Ray Cahn, a commodities broker, acknowledges the potential of Starting Right but remains cautious, believing there is an 11% chance of success. For Ray, the recommended investment option is preferred stock. Although preferred stock carries a moderate level of risk, it offers higher potential returns than corporate bonds. In a favorable market scenario, the investment could increase fourfold, providing Ray with substantial gains. On the other hand, even in an unfavorable market, the investment would only be halved, offering some degree of protection against significant losses.
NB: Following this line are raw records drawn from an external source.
lemma tilted_mean_reaches:
  fixes b nu :: "nat \<Rightarrow> real" and t :: real
  assumes b: "\<forall>M\<in>{0..L}. 0 \<le> b M" "(\<Sum>M\<in>{0..L}. b M) \<le> 1" and nu: "\<forall>M\<in>{0..L}. 0 \<le> nu M"
    and t: "0 \<le> t" and Ms: "Ms \<in> {0..L}" "0 < b Ms" "t < nu Ms"
  obtains s where "0 \<le> s"
    "t * (\<Sum>M\<in>{0..L}. b M * exp (s * nu M)) \<le> (\<Sum>M\<in>{0..L}. b M * nu M * exp (s * nu M))"
proof -
  define d where "d = nu Ms - t"
  \<comment> \<open>large enough for the mass \<open>b Ms\<close> above \<open>t\<close> to outweigh all the mass below \<open>t\<close>\<close>
  define s where "s = \<bar>ln (t / (b Ms * d))\<bar> / d"
  have d: "0 < d" and s: "0 \<le> s"
    using Ms by (simp_all add: d_def s_def)
  have "t \<le> b Ms * d * exp (s * d)"
  proof (cases "t = 0")
    case False
    then have "t / (b Ms * d) \<le> exp (s * d)"
      using t d Ms by (simp add: s_def) (metis abs_ge_self exp_le_cancel_iff exp_ln divide_pos_pos
                                              mult_pos_pos order_le_less)
    then show ?thesis
      using d Ms by (simp add: divide_le_eq mult_ac)
  qed (use d Ms in simp)
  then have "t * exp (s * t) \<le> b Ms * (nu Ms - t) * exp (s * nu Ms)"
    using mult_right_mono[of t "b Ms * d * exp (s * d)" "exp (s * t)"]
    by (simp add: d_def mult_ac flip: exp_add) (simp add: algebra_simps)
  moreover have "- (b M * (t * exp (s * t))) \<le> b M * (nu M - t) * exp (s * nu M)" if "M \<in> {0..L}" for M
  proof (cases "t \<le> nu M")
    case False
    then have "b M * (t - nu M) * exp (s * nu M) \<le> b M * t * exp (s * t)"
      using b nu that t s by (intro mult_mono) (auto intro: mult_left_mono)
    then show ?thesis
      by (simp add: algebra_simps)
  next
    case True
    have "0 \<le> b M"
      using b that by simp
    then have "- (b M * (t * exp (s * t))) \<le> 0" "0 \<le> b M * (nu M - t) * exp (s * nu M)"
      using True t by simp_all
    then show ?thesis
      by linarith
  qed
  then have "- ((\<Sum>M\<in>{0..L} - {Ms}. b M) * (t * exp (s * t)))
      \<le> (\<Sum>M\<in>{0..L} - {Ms}. b M * (nu M - t) * exp (s * nu M))"
    by (auto simp: sum_distrib_right simp flip: sum_negf intro!: sum_mono)
  moreover have "(\<Sum>M\<in>{0..L} - {Ms}. b M) * (t * exp (s * t)) \<le> t * exp (s * t)"
    using b t sum_mono2[of "{0..L}" "{0..L} - {Ms}" b]
    by (intro mult_left_le_one_le) (auto intro: sum_nonneg)
  ultimately have "0 \<le> (\<Sum>M\<in>{0..L}. b M * (nu M - t) * exp (s * nu M))"
    using Ms by (simp add: sum.remove)
  then show thesis
    using s by (intro that[of s]) (simp_all add: algebra_simps sum_subtractf sum_distrib_left)
qed

lemma KL2_tilted:
  fixes b nu :: "nat \<Rightarrow> real" and s :: real
  assumes b: "\<forall>M\<in>{0..L}. 0 \<le> b M" and Z: "0 < (\<Sum>M\<in>{0..L}. b M * exp (s * nu M))"
    and Q: "\<And>M. Q M = (if M \<in> {0..L} then b M * exp (s * nu M) / (\<Sum>M\<in>{0..L}. b M * exp (s * nu M))
                       else 0)"
  shows "is_pmf_on {0..L} Q"
    and "KL2 L Q b = (s * (\<Sum>M\<in>{0..L}. Q M * nu M) - ln (\<Sum>M\<in>{0..L}. b M * exp (s * nu M))) / ln 2"
proof -
  let ?Z = "\<Sum>M\<in>{0..L}. b M * exp (s * nu M)"
  show pmf: "is_pmf_on {0..L} Q"
    using b Z by (auto simp: is_pmf_on_def Q simp flip: sum_divide_distrib)
  have "KL2 L Q b = (\<Sum>M\<in>{0..L}. Q M * (s * nu M - ln ?Z) / ln 2)"
    unfolding KL2_def
  proof (intro sum.cong refl)
    fix M assume "M \<in> {0..L}"
    then show "(if Q M = 0 then 0 else Q M * log 2 (Q M / b M)) = Q M * (s * nu M - ln ?Z) / ln 2"
      using Z by (auto simp: Q log_def ln_div)
  qed
  also have "\<dots> = (\<Sum>M\<in>{0..L}. s * (Q M * nu M) - Q M * ln ?Z) / ln 2"
    by (simp add: sum_divide_distrib algebra_simps)
  also have "\<dots> = (s * (\<Sum>M\<in>{0..L}. Q M * nu M) - (\<Sum>M\<in>{0..L}. Q M) * ln ?Z) / ln 2"
    by (simp add: sum_subtractf sum_distrib_left sum_distrib_right)
  finally show "KL2 L Q b = (s * (\<Sum>M\<in>{0..L}. Q M * nu M) - ln ?Z) / ln 2"
    using pmf by (simp add: is_pmf_on_def)
qed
Lila Battle is neither a risk-avoider nor a risk-taker, seeking a balanced approach for potential success. Using the minimax regret method, Lila should consider investing in common stocks. While common stocks carry higher risk than corporate bonds or preferred stock, the potential reward is also significantly greater. In the best-case scenario, the investment could increase by a factor of 8, leading to substantial profits. Under the minimax regret principle, Lila would prefer to avoid the regret of missing out on potential high returns and may be willing to take on slightly higher risks to be in the mix for success.
George Yates believes there is an equal chance for success and appears to be neutral towards risk. For George, a balanced investment strategy would be a combination of corporate bonds, preferred stock, and common stocks. By diversifying his investment across these options, George can mitigate risk while capitalizing on potential gains in both favorable and unfavorable market conditions.
Peter Metarko is extremely optimistic about the market for the new baby food. Given his high-risk appetite and positive outlook, he should consider investing solely in common stocks. While this option carries the highest risk, it also offers the potential for the greatest returns, aligning with Peter’s optimistic view of the market.
Considering the cost of developing legal documents for each fundraising alternative, Julia Day can simplify the investment choices for both risk-averse and risk-seeking investors. By removing the corporate bond option, Julia can still cater to both risk profiles by offering preferred stock and common stocks. Preferred stock provides a more conservative choice for risk-averse investors, while common stocks offer the desired high-risk, high-reward opportunity for risk-seeking individuals.
Investing in Starting Right offers various options to cater to different risk profiles and financial objectives. For Sue, the risk-averse investor, corporate bonds provide stability and a guaranteed return. Ray, the cautious investor, should consider preferred stock to strike a balance between potential gains and losses. Lila, the balanced investor, can opt for common stocks using the minimax regret method to be part of the potential success story. George, the neutral investor, can diversify across all options to mitigate risk and maximize gains. Peter, the optimistic investor, can go all-in on common stocks to capitalize on his positive market outlook. By optimizing investment choices for different risk profiles, Julia Day can attract a diverse group of investors to support the growth of Starting Right.